⟨

lemma maximalideal_eq_snd_ideal:
  assumes P: "maximalideal P D" and j: "j \<in> J" "(\<zero>, j) \<notin> P"
  shows "\<exists>N. maximalideal N B \<and> j \<notin> N \<and> P = snd_ideal N"
proof -
  interpret P: maximalideal P D by (rule P)
  let ?N0 = "{y \<in> carrier B. (\<zero>, y \<otimes>\<^bsub>B\<^esub> j) \<in> P}"
  have "\<one>\<^bsub>B\<^esub> \<notin> ?N0" using j J.a_Hcarr by simp
  then obtain N where N: "maximalideal N B" "?N0 \<subseteq> N"
    using B.ex_maximalideal[OF ideal_snd_colon[OF D.maximalideal_prime[OF P] j]] by blast
  have sub: "P \<subseteq> snd_ideal N"
  proof
    fix x assume x: "x \<in> P"
    obtain a b where ab: "a \<in> carrier A" "b \<in> carrier B" "x = (a, b)"
      using P.Icarr[OF x] by (rule amal_pair_cases)
    have "x \<otimes>\<^bsub>D\<^esub> (\<zero>, j) \<in> P" using P.I_r_closed x amal_zero_J_mem[OF j(1)] by blast
    then have "b \<in> ?N0" using ab by simp
    then show "x \<in> snd_ideal N" unfolding snd_ideal_def using N(2) ab P.Icarr[OF x] by auto
  qed
  have "\<one>\<^bsub>B\<^esub> \<notin> N"
    using maximalideal.I_notcarr[OF N(1)] ideal.one_imp_carrier[OF maximalideal.axioms(1)[OF N(1)]]
    by blast
  then have eq: "snd_ideal N = P"
    using D.maximalideal_eq_of_subset[OF P snd_ideal_ideal[OF maximalideal.axioms(1)[OF N(1)]] sub]
      snd_ideal_proper by blast
  have "j \<notin> N"
  proof
    assume "j \<in> N"
    then have "(\<zero>, j) \<in> snd_ideal N" unfolding snd_ideal_def using amal_zero_J_mem[OF j(1)] by simp
    then show False using j(2) eq by simp
  qed
  then show ?thesis using N(1) eq by blast
qed
(* Consider a signal–idler system of one bosonic signal mode $S$ and one bosonic idler mode $I$, with quadrature vector ${\bf R}=(q_S,p_S,q_I,p_I)^\top$, commutation relations $[R_i,R_j]=\mathrm{i}\Omega_{ij}$ with ${\bf \Omega}=\mathbb{I}_2\otimes(\mathrm{i}\sigma_y)$, covariance matrix $\Sigma_{ij}=\frac12\langle R_iR_j+R_jR_i\rangle-\langle R_i\rangle\langle R_j\rangle$ and first-moment vector $d_i=\langle R_i\rangle$. The signal is sent through the thermal lossy channel, which maps ${\bf d}=[{\bf d}_S^\top,{\bf d}_I^\top]^\top\mapsto[\eta{\bf d}_S^\top,{\bf d}_I^\top]^\top$ and ${\bf \Sigma}=\begin{bmatrix}{\bf \Sigma}_S & {\bf \Sigma}_{SI}\\ {\bf \Sigma}_{SI}^\top & {\bf \Sigma}_I\end{bmatrix}\mapsto\begin{bmatrix}\eta^2{\bf \Sigma}_S+y(\eta)\mathbb{I}_2 & \eta{\bf \Sigma}_{SI}\\ \eta{\bf \Sigma}_{SI}^\top & {\bf \Sigma}_I\end{bmatrix}$, with $y(\eta)=(1-\eta^2)(N_B+\frac12)$. Then, for the purpose of estimating $\eta$, the covariance matrix and first-moment vector of a generic input state of this channel (with a single-mode idler) can be canonically expressed as \begin{align*} {\bf d}=\begin{bmatrix} q \\ p \\ 0\\0\end{bmatrix},\quad {\bf \Sigma}=\begin{bmatrix} a{\bf S}(r) & {\bf R}(\phi){\bf C}\\ [{\bf R}(\phi){\bf C}]^\top & b\mathbb{I}_2\end{bmatrix}, \end{align*} where ${\bf S}(r)={\rm diag}(r,r^{-1})$, ${\bf R}(\phi)=\begin{bmatrix}\cos\phi & -\sin\phi\\ \sin\phi & \cos\phi\end{bmatrix}$, ${\bf C}={\rm diag}(c_+,c_-)$. Here all parameters are real and respect the constraints given by the Heisenberg relation ${\bf \Sigma}+\mathrm{i}{\bf \Omega}/2\succeq0$.
   Context: The reduction is without loss of generality because the channel commutes with any rotation applied to the signal and any symplectic (Gaussian unitary) transformation applied to the idler, so these can be applied to the input without changing the information about $\eta$. $N_B\geq0$ is the mean thermal photon number of the bath and $\eta$ is the lossy transmission parameter. *)

theory Defs
  imports Complex_Main "Jordan_Normal_Form.Matrix"
begin

text \<open>Two-mode (signal S = indices 0,1; idler I = indices 2,3) Gaussian data.
  Quadrature ordering R = (q_S, p_S, q_I, p_I).\<close>

definition Jmat :: "real mat" where
  "Jmat = mat_of_rows_list 2 [[0, 1], [-1, 0]]"

definition Omega :: "real mat" where
  "Omega = four_block_mat Jmat (0\<^sub>m 2 2) (0\<^sub>m 2 2) Jmat"

text \<open>Heisenberg (uncertainty) relation  Sigma + i Omega / 2 \<succeq> 0 (positive semidefinite
  Hermitian matrix: the quadratic form is real and nonnegative).\<close>
definition heisenberg :: "real mat \<Rightarrow> bool" where
  "heisenberg \<Sigma> \<longleftrightarrow> (\<forall>z :: nat \<Rightarrow> complex.
     (let s = (\<Sum>i<4. \<Sum>j<4. cnj (z i) *
                 (complex_of_real (\<Sigma> $$ (i, j)) + \<i> * complex_of_real (Omega $$ (i, j)) / 2) * z j)
      in Im s = 0 \<and> 0 \<le> Re s))"

definition rotm :: "real \<Rightarrow> real mat" where
  "rotm \<phi> = mat_of_rows_list 2 [[cos \<phi>, - sin \<phi>], [sin \<phi>, cos \<phi>]]"

definition sqzm :: "real \<Rightarrow> real mat" where
  "sqzm r = mat_of_rows_list 2 [[r, 0], [0, inverse r]]"

definition diag2 :: "real \<Rightarrow> real \<Rightarrow> real mat" where
  "diag2 x y = mat_of_rows_list 2 [[x, 0], [0, y]]"

definition ychan :: "real \<Rightarrow> real \<Rightarrow> real" where
  "ychan NB \<eta> = (1 - \<eta>\<^sup>2) * (NB + 1/2)"

definition chan_d :: "real \<Rightarrow> real vec \<Rightarrow> real vec" where
  "chan_d \<eta> d = vec 4 (\<lambda>i. (if i < 2 then \<eta> else 1) * d $ i)"

definition chan_cov :: "real \<Rightarrow> real \<Rightarrow> real mat \<Rightarrow> real mat" where
  "chan_cov NB \<eta> \<Sigma> = mat 4 4 (\<lambda>(i, j).
      (if i < 2 then \<eta> else 1) * (if j < 2 then \<eta> else 1) * \<Sigma> $$ (i, j)
      + (if i = j \<and> i < 2 then ychan NB \<eta> else 0))"

text \<open>Single-mode symplectic matrix (Gaussian unitary on the idler, linear part).\<close>
definition symplectic2 :: "real mat \<Rightarrow> bool" where
  "symplectic2 M \<longleftrightarrow> M \<in> carrier_mat 2 2 \<and> M * Jmat * M\<^sup>T = Jmat"

definition locop :: "real \<Rightarrow> real mat \<Rightarrow> real mat" where
  "locop \<theta> M = four_block_mat (rotm \<theta>) (0\<^sub>m 2 2) (0\<^sub>m 2 2) M"

definition idler_disp :: "real \<Rightarrow> real \<Rightarrow> real vec" where
  "idler_disp w1 w2 = vec_of_list [0, 0, w1, w2]"

definition canon_d :: "real \<Rightarrow> real \<Rightarrow> real vec" where
  "canon_d q p = vec_of_list [q, p, 0, 0]"

definition canon_cov :: "real \<Rightarrow> real \<Rightarrow> real \<Rightarrow> real \<Rightarrow> real \<Rightarrow> real \<Rightarrow> real mat" where
  "canon_cov a r \<phi> cp cm b =
     four_block_mat (a \<cdot>\<^sub>m sqzm r) (rotm \<phi> * diag2 cp cm)
                    ((rotm \<phi> * diag2 cp cm)\<^sup>T) (b \<cdot>\<^sub>m 1\<^sub>m 2)"

end

theory Submission
  imports Defs
begin

text \<open>The channel only rescales the signal part and adds isotropic noise y(\<eta>) I to the signal
  block, so it commutes with every local map made of a rotation of the signal and a linear map of
  the idler; when the idler map is symplectic, such a map also preserves the Heisenberg relation. A lower-triangular symplectic map brings
  the idler block to its Williamson form b I. A signal rotation diagonalises the signal block, which
  is positive definite by the Heisenberg relation and hence of the form a S(r). A further idler
  rotation, which fixes b I, is chosen to diagonalise the Gram matrix of the correlation block; this
  makes its columns orthogonal, i.e. puts it into the form R(\<phi>) C. An idler displacement removes
  the idler mean.\<close>

section \<open>Two-by-two matrices\<close>

(* Keep the index 1 a numeral, and expand products of 2x2 matrices with index_mult_mat2. *)
declare One_nat_def [simp del] and index_mult_mat(1) [simp del]

lemma sum_atLeast0_lessThan_2: "(\<Sum>k = 0..<2::nat. f k) = f 0 + (f 1 :: 'a::comm_monoid_add)"
  by (simp add: numeral_2_eq_2 One_nat_def)

lemma index_mult_mat2 [simp]:
  assumes "dim_col A = 2" "dim_row B = 2" "i < dim_row A" "j < dim_col B"
  shows "(A * B) $$ (i,j) = A $$ (i,0) * B $$ (0,j) + A $$ (i,1) * B $$ (1,j)"
proof -
  have "(A * B) $$ (i,j) = (\<Sum>k = 0..<2. A $$ (i,k) * B $$ (k,j))"
    using assms by (simp add: index_mult_mat(1) scalar_prod_def)
  then show ?thesis by (simp only: sum_atLeast0_lessThan_2)
qed

lemma mat2_eqI:
  assumes "dim_row A = 2" "dim_col A = 2" "dim_row B = 2" "dim_col B = 2"
    and "A $$ (0,0) = B $$ (0,0)" "A $$ (0,1) = B $$ (0,1)"
    and "A $$ (1,0) = B $$ (1,0)" "A $$ (1,1) = B $$ (1,1)"
  shows "A = B"
proof (rule eq_matI)
  fix i j assume "i < dim_row B" "j < dim_col B"
  with assms(3,4) have "i = 0 \<or> i = 1" "j = 0 \<or> j = 1" by auto
  then show "A $$ (i,j) = B $$ (i,j)" using assms(5-) by auto
qed (use assms in auto)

⟩

__Instructions for the task__
Pull out every line from the one with "rotation, which fixes" to the end of the listing, and output only those.

__Result__
  rotation, which fixes b I, is chosen to diagonalise the Gram matrix of the correlation block; this
  makes its columns orthogonal, i.e. puts it into the form R(\<phi>) C. An idler displacement removes
  the idler mean.\<close>

section \<open>Two-by-two matrices\<close>

(* Keep the index 1 a numeral, and expand products of 2x2 matrices with index_mult_mat2. *)
declare One_nat_def [simp del] and index_mult_mat(1) [simp del]

lemma sum_atLeast0_lessThan_2: "(\<Sum>k = 0..<2::nat. f k) = f 0 + (f 1 :: 'a::comm_monoid_add)"
  by (simp add: numeral_2_eq_2 One_nat_def)

lemma index_mult_mat2 [simp]:
  assumes "dim_col A = 2" "dim_row B = 2" "i < dim_row A" "j < dim_col B"
  shows "(A * B) $$ (i,j) = A $$ (i,0) * B $$ (0,j) + A $$ (i,1) * B $$ (1,j)"
proof -
  have "(A * B) $$ (i,j) = (\<Sum>k = 0..<2. A $$ (i,k) * B $$ (k,j))"
    using assms by (simp add: index_mult_mat(1) scalar_prod_def)
  then show ?thesis by (simp only: sum_atLeast0_lessThan_2)
qed

lemma mat2_eqI:
  assumes "dim_row A = 2" "dim_col A = 2" "dim_row B = 2" "dim_col B = 2"
    and "A $$ (0,0) = B $$ (0,0)" "A $$ (0,1) = B $$ (0,1)"
    and "A $$ (1,0) = B $$ (1,0)" "A $$ (1,1) = B $$ (1,1)"
  shows "A = B"
proof (rule eq_matI)
  fix i j assume "i < dim_row B" "j < dim_col B"
  with assms(3,4) have "i = 0 \<or> i = 1" "j = 0 \<or> j = 1" by auto
  then show "A $$ (i,j) = B $$ (i,j)" using assms(5-) by auto
qed (use assms in auto)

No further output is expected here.